Control of short-lived climate forcers (SLCF) is very crucial because it has quicker impact and more visible benefits in the short-term than control of carbon dioxide. For this reason, this research is aimed at estimating the level of SLCF (black carbon/BC, methane, and ozone) in the atmosphere, their impact and associated health risk (of certain SLCF). We measured BC at PM2.5, ground level ozone in 24h, and CH4, N2O and CO2 in five different sites in different land use categories. We also distributed questionnaires to vulnerable populations in the study area. The concentration of BC was in the range of 2.42-5.52 ug/m3. The proportion of BC in PM2.5 is between 4.9% and 12.74%. Ambient methane concentrations were higher in the morning than in the afternoon. Likewise, the oxidant concentration of O3, N2O, and CO2 showed that results of measurement were higher in the morning than in the afternoon. The average concentration ratio of short-term to long-term greenhouse gas (CH4: N2O: CO2) is 4.9:1:1304. In terms of health risk, Estimated Attribute Proportion (AP) resulting from BC is within 1.1% and 7.48%. Mitigation of short-term GHG pollutant emission sources would be in line with long-term GHG pollutant mitigation.

Keywords: 

emissions, GHG, global warming, urban areas, SLCF

1. Introduction

Human activities are responsible for the main changes in the atmosphere including the composition of long-lived and short-lived GHGs. Long-lived GHGs usually have life spans of more than 8 years in the atmosphere, while short-lived GHGs or short-lived climate forcers (SLCF) could have lifetimes of only a few weeks [1]. Black carbon (BC), tropospheric ozone, and methane are among the SLCF capable of degrading the ambient air quality by disturbing the Aerosol optical depth [2]. BC reduces light and reflects it back into space. This ability depends on its reflectivity beneath surfaces and its mixture with particulate matter. Methane could ordinarily be categorized as a long-lived greenhouse gas; however, due to relatively warming the climate it could also be categorized as SLCF [3]. Methane, indirectly, is also a precursor pollutant for tropospheric ozone. Tropospheric ozone is a strong oxidant that is harmful to public health and increases the disease burden. Several SLCF significantly contribute to the rising global temperature. Many studies have revealed the following as contributors of ambient BC: biomass burning and traffic [4] , forest fire [5], domestic stove [6] and fired coal [7]. In urban areas, the main contributor of BC was fossil fuel burning, while in rural area, the main contributor of BC was biomass burning. More than 80% of global BC emission was attributed to open biomass and solid fuel burning. From many studies, the ambient PM2.5 contains about 10% BC [8, 9, 10]. Global BC emission is estimated at 8 TgC/year [11]. Indonesia contributes 6% of total BC in Asia, the third largest in Asia [12]. The ambient methane (CH4) was most times analyzed with other GHGs such as CO2 and N2O [13, 14]. Methane emission and mitigation are generally associated with the petroleum (oil and gas) industry [15]. Global methane emission was estimated at 344 Gg in 2017 [16] while anthropogenic emissions of methane accounted for about half of total CH4 emissions.
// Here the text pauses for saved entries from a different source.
text \<open>Choosing the number of iterations optimally gives a power decay of \<open>\<nu>(E)\<close> in terms of any
  \<open>s\<close> with \<open>\<mu>(E) < s \<mu>(B)\<close>.\<close>

lemma power_decay:
  assumes E: "E \<in> sets M" "E \<subseteq> ball x0 R" and "R > 0" "s > 0"
    and E_small: "measure M E < s * measure M (ball x0 R)"
  shows "measure N E \<le> d ^ 3 * (1 + \<gamma>) * K powr \<eta> * measure N (ball x0 R) * s powr \<eta>"
proof -
  define u where "u = K * s"
  have "u > 0" unfolding u_def using K_gt_1 \<open>s > 0\<close> by simp
  have rhs: "d ^ 3 * (1 + \<gamma>) * K powr \<eta> * measure N (ball x0 R) * s powr \<eta>
      = d ^ 3 * measure N (ball x0 R) * ((1 + \<gamma>) * u powr \<eta>)"
    unfolding u_def using K_gt_1 \<open>s > 0\<close> by (simp add: powr_mult mult_ac)
  have d3: "d ^ 3 \<ge> 1" using n.doubling_const by simp
  show ?thesis
  proof (cases "u \<le> 1")
    case True
    obtain k where k: "(K * c) ^ k * u \<le> 1" "1 \<le> (1 + \<gamma>) ^ k * ((1 + \<gamma>) * u powr \<eta>)"
      using exists_steps_power_bound[OF Kc_gt_1 \<gamma>_pos \<open>u > 0\<close> True] unfolding \<eta>_def by blast
    have "(K * c) ^ k * c ^ 3 * measure M E < (K * c) ^ k * c ^ 3 * (s * measure M (ball x0 R))"
      using E_small Kc_gt_1 m.doubling_const by (intro mult_strict_left_mono) auto
    also have "\<dots> = \<epsilon> * ((K * c) ^ k * u) * measure M (ball x0 R)"
      unfolding u_def K_def using eps by (simp add: field_simps)
    also have "\<dots> \<le> \<epsilon> * measure M (ball x0 R)"
      using k(1) eps by (intro mult_right_mono) (auto intro: mult_left_le)
    finally have "(1 + \<gamma>) ^ k * measure N E \<le> d ^ 3 * measure N (ball x0 R)"
      by (intro small_set_estimate E \<open>R > 0\<close>)
    then have "(1 + \<gamma>) ^ k * measure N E * ((1 + \<gamma>) * u powr \<eta>)
        \<le> d ^ 3 * measure N (ball x0 R) * ((1 + \<gamma>) * u powr \<eta>)"
      using \<gamma>_pos by (intro mult_right_mono) auto
    moreover have "measure N E \<le> measure N E * ((1 + \<gamma>) ^ k * ((1 + \<gamma>) * u powr \<eta>))"
      using mult_left_mono[OF k(2), of "measure N E"] by simp
    ultimately show ?thesis unfolding rhs by (simp add: mult_ac)
  next
    case False
    have "1 \<le> d ^ 3 * ((1 + \<gamma>) * u powr \<eta>)"
    proof -
      have "1 \<le> u powr \<eta>" using False \<eta>_pos by (intro ge_one_powr_ge_zero) auto
      then have "1 * 1 \<le> (1 + \<gamma>) * u powr \<eta>" using \<gamma>_pos by (intro mult_mono) auto
      then have "1 * 1 \<le> d ^ 3 * ((1 + \<gamma>) * u powr \<eta>)" using d3 n.doubling_const by (intro mult_mono) auto
      then show ?thesis by simp
    qed
    then have "1 * measure N (ball x0 R) \<le> d ^ 3 * ((1 + \<gamma>) * u powr \<eta>) * measure N (ball x0 R)"
      by (rule mult_right_mono) simp
    then have "measure N (ball x0 R) \<le> d ^ 3 * measure N (ball x0 R) * ((1 + \<gamma>) * u powr \<eta>)"
      by (simp add: mult_ac)
    moreover have "measure N E \<le> measure N (ball x0 R)"
      using E by (intro n.measure_mono_bounded) auto
    ultimately show ?thesis unfolding rhs by linarith
  qed
qed

text \<open>Letting \<open>s\<close> decrease to \<open>\<mu>(E)/\<mu>(B)\<close> gives the power inequality of condition (2).\<close>

lemma relative_power_decay:
  assumes "r > 0" "E \<in> sets M" "E \<subseteq> ball x r"
  shows "measure N E \<le> d ^ 3 * (1 + \<gamma>) * K powr \<eta> * measure N (ball x r)
      * (measure M E / measure M (ball x r)) powr \<eta>"
proof (rule le_powr_at_right)
  have "measure M (ball x r) > 0" using m.measure_ball_pos \<open>r > 0\<close> by simp
  then show "0 \<le> measure M E / measure M (ball x r)" by simp
  show "\<eta> > 0" by (rule \<eta>_pos)
  fix s assume s: "s > measure M E / measure M (ball x r)"
  then have "measure M E < s * measure M (ball x r)" "s > 0"
    using \<open>measure M (ball x r) > 0\<close> by (auto simp: field_simps intro: le_less_trans[OF _ s])
  then show "measure N E \<le> d ^ 3 * (1 + \<gamma>) * K powr \<eta> * measure N (ball x r) * s powr \<eta>"
    using assms by (intro power_decay) auto
qed

text \<open>Condition (2), with exponent \<open>1/p = min \<eta> 1\<close>.\<close>

theorem cond2_holds: "cond2 M N"
  unfolding cond2_def
proof (intro exI conjI allI impI)
  define p where "p = 1 / min \<eta> 1"
  have p: "p \<ge> 1" "1 / p = min \<eta> 1" unfolding p_def using \<eta>_pos by auto
  show "d ^ 3 * (1 + \<gamma>) * K powr \<eta> > 0" using n.doubling_const \<gamma>_pos K_gt_1 by simp
  show "p \<ge> 1" by (rule p(1))
  fix x r E assume "r > 0" "E \<in> sets M" "E \<subseteq> ball x r"
  define t where "t = measure M E / measure M (ball x r)"
  have "0 \<le> t" "t \<le> 1"
    unfolding t_def using m.measure_ball_pos[OF \<open>r > 0\<close>] \<open>E \<in> sets M\<close> \<open>E \<subseteq> ball x r\<close>
    by (auto intro!: m.measure_mono_bounded simp: field_simps)
  then have "t powr \<eta> \<le> t powr (1 / p)" unfolding p(2) by (intro powr_mono') auto
  moreover have "0 \<le> d ^ 3 * (1 + \<gamma>) * K powr \<eta> * measure N (ball x r)"
    using n.doubling_const \<gamma>_pos by simp
  ultimately have "d ^ 3 * (1 + \<gamma>) * K powr \<eta> * measure N (ball x r) * t powr \<eta>
      \<le> d ^ 3 * (1 + \<gamma>) * K powr \<eta> * measure N (ball x r) * t powr (1 / p)"
    by (rule mult_left_mono)
  then show "measure N E \<le> d ^ 3 * (1 + \<gamma>) * K powr \<eta> * measure N (ball x r) * t powr (1 / p)"
    using relative_power_decay[OF \<open>r > 0\<close> \<open>E \<in> sets M\<close> \<open>E \<subseteq> ball x r\<close>]
    unfolding t_def[symmetric] by linarith
qed

end

lemma cond1_imp_cond2:
  assumes "doubling_space M c" "doubling_space N d" "cond1 M N"
  shows "cond2 M N"
proof -
  obtain \<epsilon> \<delta> :: real where "0 < \<epsilon>" "\<epsilon> < 1" "0 < \<delta>" "\<delta> < 1"
    and "\<forall>x r E. r > 0 \<longrightarrow> E \<in> sets M \<longrightarrow> E \<subseteq> ball x r \<longrightarrow>
        measure M E \<le> \<epsilon> * measure M (ball x r) \<longrightarrow> measure N E \<le> (1 - \<delta>) * measure N (ball x r)"
    using assms(3) unfolding cond1_def by blast
  then interpret doubling_cond1 M N c d \<epsilon> \<delta>
    using assms(1,2) by (intro doubling_cond1.intro doubling_cond1_axioms.intro) auto
  show ?thesis by (rule cond2_holds)
qed

section \<open>From condition (2) to condition (4)\<close>

text \<open>Condition (2) for \<open>(\<mu>, \<nu>)\<close> gives condition (1) with the roles of \<open>\<mu>\<close> and \<open>\<nu>\<close> exchanged:
  a set of small \<open>\<nu>\<close>-measure cannot have almost full \<open>\<mu>\<close>-measure, since its complement in the
  ball would then be \<open>\<mu>\<close>-small and hence \<open>\<nu>\<close>-small.\<close>

lemma cond2_imp_cond1_swap:
  assumes "doubling_space M c" "doubling_space N d" "cond2 M N"
  shows "cond1 N M"
proof -
  interpret m: doubling_space M c by fact
  interpret n: doubling_space N d by fact
  obtain C p :: real where "C > 0" "p \<ge> 1" and C2: "\<And>x r E. r > 0 \<Longrightarrow> E \<in> sets M \<Longrightarrow> E \<subseteq> ball x r \<Longrightarrow>
        measure N E \<le> C * measure N (ball x r) * (measure M E / measure M (ball x r)) powr (1 / p)"
    using assms(3) unfolding cond2_def by blast
  define \<delta> where "\<delta> = min (1 / 2) ((1 / (2 * C)) powr p)"
  have \<delta>: "0 < \<delta>" "\<delta> < 1" unfolding \<delta>_def using \<open>C > 0\<close> by auto
  have "\<delta> powr (1 / p) \<le> ((1 / (2 * C)) powr p) powr (1 / p)"
    unfolding \<delta>_def using \<open>p \<ge> 1\<close> by (intro powr_mono2) auto
  also have "\<dots> = 1 / (2 * C)" using \<open>C > 0\<close> \<open>p \<ge> 1\<close> by (simp add: powr_powr)
  finally have \<delta>_root: "\<delta> powr (1 / p) \<le> 1 / (2 * C)" .
  show ?thesis unfolding cond1_def
  proof (rule exI[of _ "1 / 4"], rule exI[of _ \<delta>], intro conjI allI impI)
    show "(0::real) < 1 / 4" "(1 / 4::real) < 1" "0 < \<delta>" "\<delta> < 1" using \<delta> by auto
    fix x r E assume "r > 0" "E \<in> sets N" "E \<subseteq> ball x r"
      and E_small: "measure N E \<le> 1 / 4 * measure N (ball x r)"
    define F where "F = ball x r - E"
    have "E \<in> sets M" using \<open>E \<in> sets N\<close> m.sets_M n.sets_M by simp
    have mB: "measure M (ball x r) > 0" "measure N (ball x r) > 0"
      using m.measure_ball_pos n.measure_ball_pos \<open>r > 0\<close> by auto
    have F: "measure M F = measure M (ball x r) - measure M E"
      "measure N F = measure N (ball x r) - measure N E"
      unfolding F_def using \<open>E \<in> sets M\<close> \<open>E \<in> sets N\<close> \<open>E \<subseteq> ball x r\<close>
        m.emeasure_bounded_finite n.emeasure_bounded_finite by (auto intro!: measure_Diff)
    show "measure M E \<le> (1 - \<delta>) * measure M (ball x r)"
    proof (rule ccontr)
      assume "\<not> ?thesis"
      then have "measure M F / measure M (ball x r) \<le> \<delta>"
        using mB unfolding F by (simp add: field_simps)
      then have "(measure M F / measure M (ball x r)) powr (1 / p) \<le> \<delta> powr (1 / p)"
        using \<open>p \<ge> 1\<close> by (intro powr_mono2) auto
      then have "(measure M F / measure M (ball x r)) powr (1 / p) \<le> 1 / (2 * C)"
        using \<delta>_root by linarith
      moreover have "measure N F \<le> C * measure N (ball x r) * (measure M F / measure M (ball x r)) powr (1 / p)"
        using \<open>E \<in> sets M\<close> unfolding F_def by (intro C2[OF \<open>r > 0\<close>]) auto
      moreover have "0 \<le> C * measure N (ball x r)" using \<open>C > 0\<close> by simp
      ultimately have "measure N F \<le> C * measure N (ball x r) * (1 / (2 * C))"
        by (meson mult_left_mono order_trans)
      then show False using F E_small mB \<open>C > 0\<close> by simp
    qed
  qed
qed

text \<open>Condition (2) for \<open>(\<nu>, \<mu>)\<close>, solved for \<open>\<nu>(E)\<close>, is the power lower bound of condition (4).\<close>

lemma cond2_swap_imp_lower_bound:
  assumes "doubling_space M c" "doubling_space N d" "cond2 N M"
  shows "\<exists>C p::real. C > 0 \<and> p \<ge> 1 \<and> (\<forall>x r E. r > 0 \<longrightarrow> E \<in> sets M \<longrightarrow> E \<subseteq> ball x r \<longrightarrow>
     measure N E \<ge> C * measure N (ball x r) * (measure M E / measure M (ball x r)) powr p)"
proof -
  interpret m: doubling_space M c by fact
  interpret n: doubling_space N d by fact
  obtain C p :: real where "C > 0" "p \<ge> 1" and C2: "\<And>x r E. r > 0 \<Longrightarrow> E \<in> sets N \<Longrightarrow> E \<subseteq> ball x r \<Longrightarrow>
        measure M E \<le> C * measure M (ball x r) * (measure N E / measure N (ball x r)) powr (1 / p)"
    using assms(3) unfolding cond2_def by blast
  show ?thesis
  proof (rule exI[of _ "1 / C powr p"], rule exI[of _ p], intro conjI allI impI)
    show "1 / C powr p > 0" "p \<ge> 1" using \<open>C > 0\<close> \<open>p \<ge> 1\<close> by auto
    fix x r E assume "r > 0" "E \<in> sets M" "E \<subseteq> ball x r"
    have "E \<in> sets N" using \<open>E \<in> sets M\<close> m.sets_M n.sets_M by simp
    have mB: "measure M (ball x r) > 0" "measure N (ball x r) > 0"
      using m.measure_ball_pos n.measure_ball_pos \<open>r > 0\<close> by auto
    define u where "u = measure M E / measure M (ball x r)"
    define v where "v = measure N E / measure N (ball x r)"
    have "u \<ge> 0" "v \<ge> 0" unfolding u_def v_def using mB by auto
    have "u \<le> C * v powr (1 / p)"
      using C2[OF \<open>r > 0\<close> \<open>E \<in> sets N\<close> \<open>E \<subseteq> ball x r\<close>] mB unfolding u_def v_def by (simp add: field_simps)
    then have "u powr p \<le> (C * v powr (1 / p)) powr p"
      using \<open>u \<ge> 0\<close> \<open>p \<ge> 1\<close> by (intro powr_mono2) auto
    also have "\<dots> = C powr p * v"
      using \<open>C > 0\<close> \<open>v \<ge> 0\<close> \<open>p \<ge> 1\<close> by (simp add: powr_mult powr_powr)
    finally have "1 / C powr p * measure N (ball x r) * u powr p \<le> measure N (ball x r) * v"
      using \<open>C > 0\<close> mB by (simp add: field_simps)
    then show "1 / C powr p * measure N (ball x r) * (measure M E / measure M (ball x r)) powr p \<le> measure N E"
      unfolding u_def[symmetric] v_def using mB by simp
  qed
qed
Several climate change studies have shown that rapid response to SLCF could significantly reduce short-term global temperatures by 40% to 45% in a decade [11], prevent potential global temperature rise of 0.6°C by 2050 [17], prevent more than 0.84 °C potential global temperature rise by 2070 [11], and reduce climate cycles, particulate matter (PM2.5) and ozone pollution for human health, agriculture, and ecosystems [18, 19]. This effectiveness can be achieved if SLCF control is carried out in tandem with the maximum control carried out on the main long-term contributor, (CO2) [11].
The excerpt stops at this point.